And you think that Labor’s socioeconomic policy is different?
“In past years, the Labor Party used to run a welfare state. In those days, at least we had a safety net to fall on. Sadly, Labor has changed immensely. Avi Gabbay and [Zionist Union MK] Erel Margalit’s economic policies are certainly not anything close to being socialist.”
So, you think you can convince people from the Sephardi community to vote for Labor?
“Yes. But only if Labor finds a way to reconnect with the people. But that’s not so simple. And it certainly won’t happen unless it makes room for someone like me.”
It would have seemed natural for you to become close with Amir Peretz, the party’s preeminent Sephardi member. Instead, you filed an appeal in court against him.
“Peretz is part of the junta, a well-oiled machine that is making it hard for new people to join. Enough already with this old way of thinking. It’s time for him to move on and make room for newcomers. Instead, I received a threat from his headquarters to rescind my appeal.”
The following is an official response from Peretz’s headquarters: “Her claim that threats were made are nonsensical. All her appeals were rejected outright by the Labor Party’s investigation unit.”
“There are a few MKs who are pretty intransigent,” she says. “But a large percentage is made up of people who are pretty open. These people, unfortunately, don’t usually vote in the primaries. I’m calling on all these people to go out and vote, so that we can start again with a clean slate. I believe we can overcome the hurdles. If people vote for me in the first round, this will cause an earthquake.”

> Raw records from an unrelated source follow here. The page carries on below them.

lemma isect_nonpos_if_anti_nef:
  assumes "anti_nef M F" and "effective E"
  shows "isect M F E \<le> 0"
  unfolding isect_expand_right[of M F E]
  using assms by (intro sum_nonpos) (simp add: anti_nef_def effective_def mult_nonneg_nonpos)

lemma anti_nef_scale: "anti_nef M F \<Longrightarrow> anti_nef M (\<lambda>i. int k * F i)"
  unfolding anti_nef_def isect_scale_left by (simp add: mult_nonneg_nonpos)

lemma effective_zero_if_le_zero:
  "effective E \<Longrightarrow> (\<And>i. E i \<le> 0) \<Longrightarrow> E = (\<lambda>_. 0)"
  unfolding effective_def by (simp add: antisym fun_eq_iff)

lemma isect_curve_mono:
  assumes offdiag: "\<And>j k. j \<noteq> k \<Longrightarrow> 0 \<le> M j k"
    and le: "\<And>k. G k \<le> F k" and eq: "G i = F i"
  shows "isect M G (curve i) \<le> isect M F (curve i)"
  unfolding isect_curve_right
proof (rule sum_mono)
  fix k
  show "G k * M k i \<le> F k * M k i"
    using eq le[of k] offdiag[of k i] by (cases "k = i") (simp_all add: mult_right_mono)
qed

lemma canonical_config_offdiag_nonneg:
  "canonical_config M \<Longrightarrow> i \<noteq> j \<Longrightarrow> 0 \<le> M i j"
  unfolding canonical_config_def by force

text \<open>Connectedness: a curve with coefficient 0 that meets a curve with positive
coefficient has positive intersection with the divisor.\<close>

lemma anti_nef_pos:
  assumes cc: "canonical_config M" and ef: "effective F" and nz: "F \<noteq> (\<lambda>_. 0)"
    and an: "anti_nef M F"
  shows "0 < F i"
proof -
  obtain j where "F j \<noteq> 0" using nz by auto
  then have j: "0 < F j" using ef unfolding effective_def by (simp add: less_le)
  have "(j, i) \<in> {(a, b). M a b \<noteq> 0}\<^sup>*" using cc unfolding canonical_config_def by blast
  then show ?thesis
  proof (induction rule: rtrancl_induct)
    case base then show ?case using j .
  next
    case (step y z)
    show ?case
    proof (rule ccontr)
      assume "\<not> 0 < F z"
      then have Fz: "F z = 0" using ef unfolding effective_def by (simp add: less_le)
      then have "y \<noteq> z" using step by auto
      then have "0 < M y z" using step canonical_config_offdiag_nonneg[OF cc] by force
      have "\<forall>k\<in>UNIV. 0 \<le> F k * M k z"
        using ef Fz canonical_config_offdiag_nonneg[OF cc] unfolding effective_def
        by (metis mult_eq_0_iff mult_nonneg_nonneg order_refl)
      then have "F y * M y z \<le> (\<Sum>k\<in>UNIV. F k * M k z)" by (intro member_le_sum) auto
      then have "0 < isect M F (curve z)"
        using \<open>0 < M y z\<close> step.IH unfolding isect_curve_right by (smt (verit) mult_pos_pos)
      then show False using an unfolding anti_nef_def by (meson not_le)
    qed
  qed
qed

text \<open>The componentwise minimum of two anti-nef divisors is anti-nef, so the numerical
cycle lies below every nonzero effective anti-nef divisor.\<close>

lemma numerical_cycle_le:
  assumes cc: "canonical_config M" and nc: "numerical_cycle M Z"
    and ef: "effective F" and nz: "F \<noteq> (\<lambda>_. 0)" and an: "anti_nef M F"
  shows "Z i \<le> F i"
proof -
  define H where "H = (\<lambda>k. min (F k) (Z k))"
  have Zp: "\<And>k. 0 < Z k" using anti_nef_pos[OF cc] nc unfolding numerical_cycle_def by blast
  have Fp: "\<And>k. 0 < F k" using anti_nef_pos[OF cc ef nz an] .
  have "effective H" unfolding effective_def H_def using Zp Fp by (simp add: less_imp_le)
  moreover have "H \<noteq> (\<lambda>_. 0)"
    using Zp Fp unfolding H_def by (metis less_irrefl min_def)
  moreover have "anti_nef M H"
    unfolding anti_nef_def
  proof
    fix k
    have "isect M H (curve k) \<le> isect M F (curve k) \<or> isect M H (curve k) \<le> isect M Z (curve k)"
    proof (cases "F k \<le> Z k")
      case True
      then have "isect M H (curve k) \<le> isect M F (curve k)"
        by (intro isect_curve_mono) (auto simp: H_def canonical_config_offdiag_nonneg[OF cc])
      then show ?thesis ..
    next
      case False
      then have "isect M H (curve k) \<le> isect M Z (curve k)"
        by (intro isect_curve_mono) (auto simp: H_def canonical_config_offdiag_nonneg[OF cc])
      then show ?thesis ..
    qed
    then show "isect M H (curve k) \<le> 0"
      using an nc unfolding anti_nef_def numerical_cycle_def by (meson order_trans)
  qed
  moreover have "\<forall>k. H k \<le> Z k" unfolding H_def by simp
  ultimately have "H = Z" using nc unfolding numerical_cycle_def by blast
  then show ?thesis unfolding H_def by (metis min.cobounded1)
qed

locale laufer_function =
  fixes M :: "'i::finite \<Rightarrow> 'i \<Rightarrow> int"
    and l g :: "('i \<Rightarrow> int) \<Rightarrow> rat"
  assumes canonical: "canonical_config M"
    and l_add: "\<And>E F. l (\<lambda>i. E i + F i) = l E + l F"
    and l_curve_nonpos: "\<And>i. l (curve i) \<le> 0"
    and g_eq: "\<And>E. g E = - of_int (isect M E E) + l E"
begin

lemma g_add: "g (\<lambda>i. A i + B i) = g A + g B - 2 * of_int (isect M A B)"
proof -
  have "\<And>i j. M i j = M j i" using canonical unfolding canonical_config_def by auto
  then have "isect M (\<lambda>i. A i + B i) (\<lambda>i. A i + B i) = isect M A A + isect M B B + 2 * isect M A B"
    using isect_commute[of M B A] by (simp add: isect_add_left isect_add_right)
  then show ?thesis unfolding g_eq l_add by (simp add: algebra_simps)
qed

lemma g_zero: "g (\<lambda>_. 0) = 0"
  using l_add[of "\<lambda>_. 0" "\<lambda>_. 0"] g_eq[of "\<lambda>_. 0"] by (simp add: isect_zero_left)

lemma g_add_curve_le:
  assumes "0 < isect M D (curve i)"
  shows "g (\<lambda>j. D j + curve i j) \<le> g D"
proof -
  have "M i i = -2" using canonical unfolding canonical_config_def by auto
  then have "g (curve i) \<le> 2" using g_eq[of "curve i"] l_curve_nonpos[of i]
    by (simp add: isect_curve_curve)
  moreover have "(1::rat) \<le> of_int (isect M D (curve i))" using assms by simp
  ultimately show ?thesis using g_add[of D "curve i"] by linarith
qed

lemma g_descends_to_anti_nef:
  assumes anF: "anti_nef M F" and DF: "\<And>i. D i \<le> F i"
  shows "\<exists>D'. anti_nef M D' \<and> (\<forall>i. D i \<le> D' i \<and> D' i \<le> F i) \<and> g D' \<le> g D"
  using DF
proof (induction "\<Sum>i\<in>UNIV. nat (F i - D i)" arbitrary: D rule: less_induct)
  case (less D)
  show ?case
  proof (cases "anti_nef M D")
    case True then show ?thesis using less.prems by (intro exI[of _ D]) auto
  next
    case False
    then obtain i where pos: "0 < isect M D (curve i)" unfolding anti_nef_def by (meson not_le)
    have lt: "D i < F i"
    proof (rule ccontr)
      assume "\<not> D i < F i"
      then have "D i = F i" using less.prems[of i] by simp
      have "isect M D (curve i) \<le> isect M F (curve i)"
        by (rule isect_curve_mono)
          (use \<open>D i = F i\<close> canonical_config_offdiag_nonneg[OF canonical] less.prems in auto)
      then show False using anF pos unfolding anti_nef_def by (meson not_le order_trans)
    qed
    define D' where "D' = (\<lambda>j. D j + curve i j)"
    have D'F: "\<And>j. D' j \<le> F j" using lt less.prems by (simp add: D'_def curve_def)
    have "(\<Sum>j\<in>UNIV. nat (F j - D' j)) < (\<Sum>j\<in>UNIV. nat (F j - D j))"
      by (rule sum_strict_mono_ex1) (use lt in \<open>auto simp: D'_def curve_def\<close>)
    then obtain D'' where D'': "anti_nef M D''" "\<forall>j. D' j \<le> D'' j \<and> D'' j \<le> F j" "g D'' \<le> g D'"
      using less.hyps D'F by blast
    have "g D' \<le> g D" unfolding D'_def using g_add_curve_le[OF pos] .
    moreover have "\<forall>j. D j \<le> D' j" by (simp add: D'_def curve_def)
    ultimately show ?thesis using D'' by (meson order_trans)
  qed
qed

lemma g_pos_below_multiple:
  assumes nc: "numerical_cycle M Z" and gZ: "0 < g Z"
  shows "effective E \<Longrightarrow> E \<noteq> (\<lambda>_. 0) \<Longrightarrow> (\<And>i. E i \<le> int k * Z i) \<Longrightarrow> 0 < g E"
proof (induction k arbitrary: E)
  case 0
  then show ?case using effective_zero_if_le_zero by force
next
  case (Suc k E)
  have Zan: "anti_nef M Z" using nc unfolding numerical_cycle_def by blast
  obtain Es where Es: "anti_nef M Es" "\<forall>i. E i \<le> Es i \<and> Es i \<le> int (Suc k) * Z i" "g Es \<le> g E"
    using g_descends_to_anti_nef[OF anti_nef_scale[OF Zan]] Suc.prems(3) by blast
  have "effective Es" using Es(2) Suc.prems(1) unfolding effective_def by (meson order_trans)
  moreover have "Es \<noteq> (\<lambda>_. 0)" using Es(2) Suc.prems(1,2) effective_zero_if_le_zero by force
  ultimately have ZEs: "\<And>i. Z i \<le> Es i" using numerical_cycle_le[OF canonical nc _ _ Es(1)] by blast
  define E' where "E' = (\<lambda>i. Es i - Z i)"
  have E'eff: "effective E'" using ZEs unfolding E'_def effective_def by simp
  have "0 \<le> g E'"
  proof (cases "E' = (\<lambda>_. 0)")
    case True then show ?thesis using g_zero by simp
  next
    case False
    have "\<And>i. E' i \<le> int k * Z i" using Es(2) unfolding E'_def by (simp add: algebra_simps)
    then show ?thesis using Suc.IH[OF E'eff False] by simp
  qed
  moreover have "(of_int (isect M Z E') :: rat) \<le> 0" using isect_nonpos_if_anti_nef[OF Zan E'eff] by simp
  moreover have "g Es = g Z + g E' - 2 * of_int (isect M Z E')"
    using g_add[of Z E'] unfolding E'_def by simp
  ultimately show ?case using gZ Es(3) by linarith
qed

end

lemma effective_le_multiple:
  fixes E Z :: "'i::finite \<Rightarrow> int"
  assumes "effective E" and Zpos: "\<And>i. 0 < Z i"
  shows "\<exists>k. \<forall>i. E i \<le> int k * Z i"
proof (intro exI allI)
  fix i
  have "E i \<le> (\<Sum>j\<in>UNIV. E j)" by (rule member_le_sum) (use assms in \<open>auto simp: effective_def\<close>)
  also have "\<dots> = int (nat (\<Sum>j\<in>UNIV. E j))" using assms(1) by (simp add: effective_def sum_nonneg)
  also have "\<dots> \<le> int (nat (\<Sum>j\<in>UNIV. E j)) * Z i"
    using Zpos[of i] by (simp add: mult_le_cancel_left1)
  finally show "E i \<le> int (nat (\<Sum>j\<in>UNIV. E j)) * Z i" .
qed

theorem mainTheorem12:
  fixes M :: "'i::finite \<Rightarrow> 'i \<Rightarrow> int"
    and l :: "('i \<Rightarrow> int) \<Rightarrow> rat"
    and g :: "('i \<Rightarrow> int) \<Rightarrow> rat"
    and Znum :: "'i \<Rightarrow> int"
  assumes "canonical_config M"
    and "numerical_cycle M Znum"
    and "\<And>E F. l (\<lambda>i. E i + F i) = l E + l F"
    and "\<And>i. l (curve i) \<le> 0"
    and "\<And>E. g E = - of_int (isect M E E) + l E"
  shows "(\<forall>E. effective E \<and> E \<noteq> (\<lambda>_. 0) \<longrightarrow> g E > 0) \<longleftrightarrow> g Znum > 0"
proof
  assume "\<forall>E. effective E \<and> E \<noteq> (\<lambda>_. 0) \<longrightarrow> g E > 0"
  then show "g Znum > 0" using assms(2) unfolding numerical_cycle_def by blast
next
  assume gZ: "g Znum > 0"
  interpret laufer_function M l g using assms(1,3-5) by unfold_locales
  have "\<And>i. 0 < Znum i"
    using anti_nef_pos[OF assms(1)] assms(2) unfolding numerical_cycle_def by blast
  show "\<forall>E. effective E \<and> E \<noteq> (\<lambda>_. 0) \<longrightarrow> g E > 0"
  proof (intro allI impI)
    fix E :: "'i \<Rightarrow> int" assume "effective E \<and> E \<noteq> (\<lambda>_. 0)"
    moreover obtain k where "\<forall>i. E i \<le> int k * Znum i"
      using effective_le_multiple \<open>\<And>i. 0 < Znum i\<close> calculation by blast
    ultimately show "g E > 0" using g_pos_below_multiple[OF assms(2) gZ] by blast
  qed
qed

end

Which Labor candidates do you value above the rest?
“All of the candidates are quality, suitable people. I think Margalit’s heart is in the right place. He’s not as shallow as others, though I wasn’t so impressed by the trick he played on Gabbay. I don’t feel very close to Omer Bar Lev. Amiram Levin is clean, but the effort he had to make to become a major-general is less than what it would take me to get a university degree. Bougie [Isaac Herzog] is just more of the same.”
What about Gabbay?
“I don’t understand why he got caught up in the Likud voting saga. Especially since this is exactly what the Labor Party needs to do – pick up voters who used to vote Right. Gabbay is one of a hundred children who succeeded in escaping poverty, but he never returned home to help everyone else. He’ll never lead a revolution.”
Are the women in Labor supportive?
“Shelly Yacimovich claims that she’s a feminist, but she wouldn’t even let me open my mouth. She’d rather put a muzzle on me and never let me take the stage.
In an interview with Guri Alfi she said there were no women running for the Labor leadership. Is that being a feminist?”
You’ve only touched on social aspects, and haven’t made any comments about the main issue facing Israel today: the Palestinian conflict.
“Politicians only use the Palestinian conflict as a way to polarize the community. It’s all a boondoggle. I mean, seriously if you were to put Bibi [Netanyanu], Bougie and Yair Lapid in the same room together, they’d all vote for the exact same two-state solution, with similar details.
Most of the country would follow them.”
But not Bayit Yehudi.
“The national-religious have caused Israel and Judaism to become more extreme. Because of my concern for the stranger living in our midst, they call me a leftist traitor. They are a minority that dictates how the rest of us should live. It makes my blood boil.”